From the first line of the records down to the one that holds "q L \<longleftrightarrow>", transcribe each line exactly and add nothing.

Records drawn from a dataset
________

(* Let $q$ be a prime power and $L\in\mathbb{F}_q[x]$ a $q$-polynomial such that $L(x)/x$ is irreducible over $\mathbb{F}_q$. Then $L$ is not a $q^s$-polynomial for any integer $s>1$.
   Context: A $q$-polynomial is $\sum_{i=0}^n a_ix^{q^i}$; it is a $q^s$-polynomial if it has the form $\sum_{i=0}^m b_ix^{q^{is}}$, i.e. only exponents $q^j$ with $s\mid j$ occur. *)

theory Defs
  imports "HOL-Computational_Algebra.Polynomial" "HOL-Library.Cardinality"
begin

definition is_q_poly :: "nat \<Rightarrow> 'a::comm_ring_1 poly \<Rightarrow> bool" where
  "is_q_poly q L \<longleftrightarrow> (\<forall>n. coeff L n \<noteq> 0 \<longrightarrow> (\<exists>i. n = q ^ i))"

definition is_q_s_poly :: "nat \<Rightarrow> nat \<Rightarrow> 'a::comm_ring_1 poly \<Rightarrow> bool" where
  "is_q_s_poly q s L \<longleftrightarrow> (\<forall>n. coeff L n \<noteq> 0 \<longrightarrow> (\<exists>j. n = q ^ j \<and> s dvd j))"

end

theory Submission
  imports Defs "HOL-Computational_Algebra.Polynomial_Factorial" "HOL-Library.FuncSet"
begin

text \<open>
  Let q be the size of the field and L = (SUM j<=m. b j * x^(q^(s*j))) with b m \<noteq> 0, so that
  f = L / x has degree q^(s*m) - 1. The q-th power map is additive on polynomials and fixes the
  constants, so raising L to the power q^(s*e) merely shifts its exponents. Using this, every
  x^(q^(s*i)) is congruent modulo f to a nonzero combination of x, x^(q^s), ..., x^(q^(s*(m-1))).
  There are fewer than q^m such combinations, so two of the first q^m of these powers agree
  modulo f, and extracting a q^(s*i)-th root yields f dvd x^(q^(s*k)) - x with 0 < k < q^m.
  An irreducible divisor of x^(q^E) - x has degree at most E, because the q^(degree f)
  residues modulo f are all roots of Y^(q^E) - Y in the field of residues. Hence
  q^(s*m) - 1 \<le> s * (q^m - 1), which fails for s \<ge> 2.
\<close>

section \<open>The Frobenius map of a finite field\<close>

lemma power_card_eq_self:
  fixes c :: "'a::{finite,field}"
  shows "c ^ CARD('a) = c"
proof (cases "c = 0")
  case False
  let ?U = "UNIV - {0::'a}"
  have "bij_betw ((*) c) ?U ?U"
    using False by (intro bij_betw_byWitness[of _ "\<lambda>y. y / c"]) auto
  hence "\<Prod>?U = (\<Prod>y\<in>?U. c * y)"
    using prod.reindex_bij_betw[of "(*) c" ?U ?U "\<lambda>y. y"] by simp
  also have "\<dots> = c ^ card ?U * \<Prod>?U"
    by (simp add: prod.distrib)
  finally have "c ^ card ?U = 1"
    by simp
  moreover have "CARD('a) = Suc (card ?U)"
    by (simp add: card_Diff_singleton Suc_diff_1)
  ultimately show ?thesis
    by (metis power_Suc mult.right_neutral)
qed simp

lemma power_card_power_eq_self:
  fixes c :: "'a::{finite,field}"
  shows "c ^ (CARD('a) ^ e) = c"
  by (induction e) (simp_all add: power_card_eq_self power_mult)

text \<open>
  The binomial coefficients of CARD('a) vanish in 'a because (1 + X)^q - X^q - 1 has degree
  below q and vanishes on all q field elements. This gives additivity of the q-th power
  without first showing that q is a power of the characteristic.
\<close>

lemma of_nat_card_choose_eq_0:
  assumes "0 < k" "k < CARD('a::{finite,field})"
  shows "of_nat (CARD('a) choose k) = (0::'a)"
proof -
  let ?q = "CARD('a)"
  define P :: "'a poly" where "P = [:1, 1:] ^ ?q - monom 1 ?q - 1"
  have "poly P c = 0" for c
    using power_card_eq_self[of "1 + c"] power_card_eq_self[of c]
    by (simp add: P_def poly_monom)
  moreover have "degree P < ?q"
  proof (intro degree_lessI allI impI)
    fix i assume "?q \<le> i"
    then show "coeff P i = 0"
      by (cases "i = ?q") (auto simp: P_def coeff_linear_poly_power coeff_eq_0 degree_linear_power)
  qed simp
  ultimately have "P = 0"
    using card_poly_roots_bound[of P] by fastforce
  hence "coeff P k = 0"
    by simp
  thus ?thesis
    using assms by (simp add: P_def coeff_linear_poly_power)
qed

lemma add_power_eq_if_binomials_vanish:
  fixes x y :: "'b::comm_semiring_1"
  assumes "0 < n" and "\<And>k. 0 < k \<Longrightarrow> k < n \<Longrightarrow> of_nat (n choose k) = (0::'b)"
  shows "(x + y) ^ n = x ^ n + y ^ n"
proof -
  have "(x + y) ^ n = (\<Sum>k\<le>n. of_nat (n choose k) * x ^ k * y ^ (n - k))"
    by (rule binomial_ring)
  also have "\<dots> = (\<Sum>k\<in>{0, n}. of_nat (n choose k) * x ^ k * y ^ (n - k))"
    using assms(2) by (intro sum.mono_neutral_right) auto
  finally show ?thesis
    using assms(1) by (simp add: add.commute)
qed

lemma poly_add_power_card:
  fixes u v :: "'a::{finite,field} poly"
  shows "(u + v) ^ CARD('a) = u ^ CARD('a) + v ^ CARD('a)"
  by (rule add_power_eq_if_binomials_vanish) (simp_all add: of_nat_poly of_nat_card_choose_eq_0)

lemma poly_add_power_card_power:
  fixes u v :: "'a::{finite,field} poly"
  shows "(u + v) ^ (CARD('a) ^ e) = u ^ (CARD('a) ^ e) + v ^ (CARD('a) ^ e)"
  by (induction e arbitrary: u v) (simp_all add: poly_add_power_card power_mult)

lemma poly_diff_power_card_power:
  fixes u v :: "'a::{finite,field} poly"
  shows "(u - v) ^ (CARD('a) ^ e) = u ^ (CARD('a) ^ e) - v ^ (CARD('a) ^ e)"
  using poly_add_power_card_power[of "u - v" v e] by (simp add: eq_diff_eq)

lemma poly_sum_power_card_power:
  fixes g :: "'b \<Rightarrow> 'a::{finite,field} poly"
  shows "(\<Sum>i\<in>A. g i) ^ (CARD('a) ^ e) = (\<Sum>i\<in>A. g i ^ (CARD('a) ^ e))"
  by (induction A rule: infinite_finite_induct) (simp_all add: poly_add_power_card_power)

lemma monom_power_card_power:
  fixes c :: "'a::{finite,field}"
  shows "monom c n ^ (CARD('a) ^ e) = monom c (n * CARD('a) ^ e)"
  by (simp add: monom_power power_card_power_eq_self)

lemma X_power_card_power_minus_X_dvd:
  fixes r :: "'a::{finite,field} poly"
  shows "monom 1 (CARD('a) ^ e) - monom 1 1 dvd r ^ (CARD('a) ^ e) - r"
proof (induction r rule: pCons_induct)
  case (pCons a p)
  let ?Q = "CARD('a) ^ e"
  have split: "pCons a p = [:a:] + monom 1 1 * p"
    by (simp add: monom_Suc monom_0)
  have "pCons a p ^ ?Q - pCons a p = [:a:] ^ ?Q + monom 1 ?Q * p ^ ?Q - ([:a:] + monom 1 1 * p)"
    unfolding split
    by (simp add: poly_add_power_card_power power_mult_distrib monom_power_card_power)
  also have "[:a:] ^ ?Q = [:a:]"
    using monom_power_card_power[of a 0 e] by (simp add: monom_0)
  also have "[:a:] + monom 1 ?Q * p ^ ?Q - ([:a:] + monom 1 1 * p)
      = (monom 1 ?Q - monom 1 1) * p ^ ?Q + monom 1 1 * (p ^ ?Q - p)"
    by (simp add: algebra_simps)
  finally show ?case
    using pCons.IH by (simp add: dvd_add)
qed (simp add: zero_power)

section \<open>Counting roots modulo a prime\<close>

lemma lead_coeff_synthetic_div:
  fixes g :: "'a::comm_ring_1 poly"
  assumes "degree g \<noteq> 0"
  shows "lead_coeff (synthetic_div g c) = lead_coeff g"
proof -
  let ?h = "synthetic_div g c"
  have "degree g = Suc (degree ?h)"
    using assms by (simp add: degree_synthetic_div)
  hence "lead_coeff g = coeff ([:-c, 1:] * ?h + [:poly g c:]) (Suc (degree ?h))"
    by (simp only: synthetic_div_correct')
  also have "\<dots> = lead_coeff ?h"
    by (simp add: coeff_eq_0)
  finally show ?thesis
    by (rule sym)
qed

lemma prime_elem_dvd_poly_synthetic_div:
  fixes p :: "'a::comm_ring_1"
  assumes "prime_elem p" and "p dvd poly g r" and "p dvd poly g r0" and "\<not> p dvd r - r0"
  shows "p dvd poly (synthetic_div g r0) r"
proof -
  have "(r - r0) * poly (synthetic_div g r0) r = poly g r - poly g r0"
    using arg_cong[OF synthetic_div_correct'[of r0 g], of "\<lambda>q. poly q r"]
    by (simp add: algebra_simps)
  hence "p dvd (r - r0) * poly (synthetic_div g r0) r"
    using assms(2,3) by (simp add: dvd_diff)
  thus ?thesis
    using assms(1,4) prime_elem_dvd_mult_iff by blast
qed

text \<open>
  The set R plays the role of a set of distinct roots of g in the quotient by p, given by
  pairwise incongruent representatives; no quotient type is needed.
\<close>

lemma card_roots_mod_prime_le_degree:
  fixes p :: "'a::comm_ring_1" and g :: "'a poly"
  assumes "prime_elem p"
    and "\<not> p dvd lead_coeff g"
    and "\<And>r. r \<in> R \<Longrightarrow> p dvd poly g r"
    and "\<And>r r'. r \<in> R \<Longrightarrow> r' \<in> R \<Longrightarrow> p dvd r - r' \<Longrightarrow> r = r'"
  shows "card R \<le> degree g"
  using assms(2-)
proof (induction "degree g" arbitrary: g R)
  case 0
  from \<open>0 = degree g\<close> obtain a where "g = [:a:]"
    by (metis degree_eq_zeroE)
  hence "R = {}"
    using "0.prems" by auto
  thus ?case
    by simp
next
  case (Suc n)
  show ?case
  proof (cases "R = {}")
    case False
    then obtain r0 where r0: "r0 \<in> R"
      by blast
    define h where "h = synthetic_div g r0"
    have roots_h: "p dvd poly h r" if "r \<in> R - {r0}" for r
      using that r0 Suc.prems(2,3) unfolding h_def
      by (intro prime_elem_dvd_poly_synthetic_div[OF assms(1)]) blast+
    have "degree h = n"
      using Suc.hyps(2) by (simp add: h_def degree_synthetic_div)
    moreover have "lead_coeff h = lead_coeff g"
      unfolding h_def using Suc.hyps(2) by (intro lead_coeff_synthetic_div) simp
    ultimately have "card (R - {r0}) \<le> n"
      using Suc.hyps(1)[of h "R - {r0}"] Suc.prems roots_h by auto
    moreover have "card R \<le> Suc (card (R - {r0}))"
      using r0 by (cases "finite R") (simp_all add: card_Suc_Diff1)
    ultimately show ?thesis
      using Suc.hyps(2) by simp
  qed simp
qed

________

Response
(* Let $q$ be a prime power and $L\in\mathbb{F}_q[x]$ a $q$-polynomial such that $L(x)/x$ is irreducible over $\mathbb{F}_q$. Then $L$ is not a $q^s$-polynomial for any integer $s>1$.
   Context: A $q$-polynomial is $\sum_{i=0}^n a_ix^{q^i}$; it is a $q^s$-polynomial if it has the form $\sum_{i=0}^m b_ix^{q^{is}}$, i.e. only exponents $q^j$ with $s\mid j$ occur. *)

theory Defs
  imports "HOL-Computational_Algebra.Polynomial" "HOL-Library.Cardinality"
begin

definition is_q_poly :: "nat \<Rightarrow> 'a::comm_ring_1 poly \<Rightarrow> bool" where
  "is_q_poly q L \<longleftrightarrow> (\<forall>n. coeff L n \<noteq> 0 \<longrightarrow> (\<exists>i. n = q ^ i))"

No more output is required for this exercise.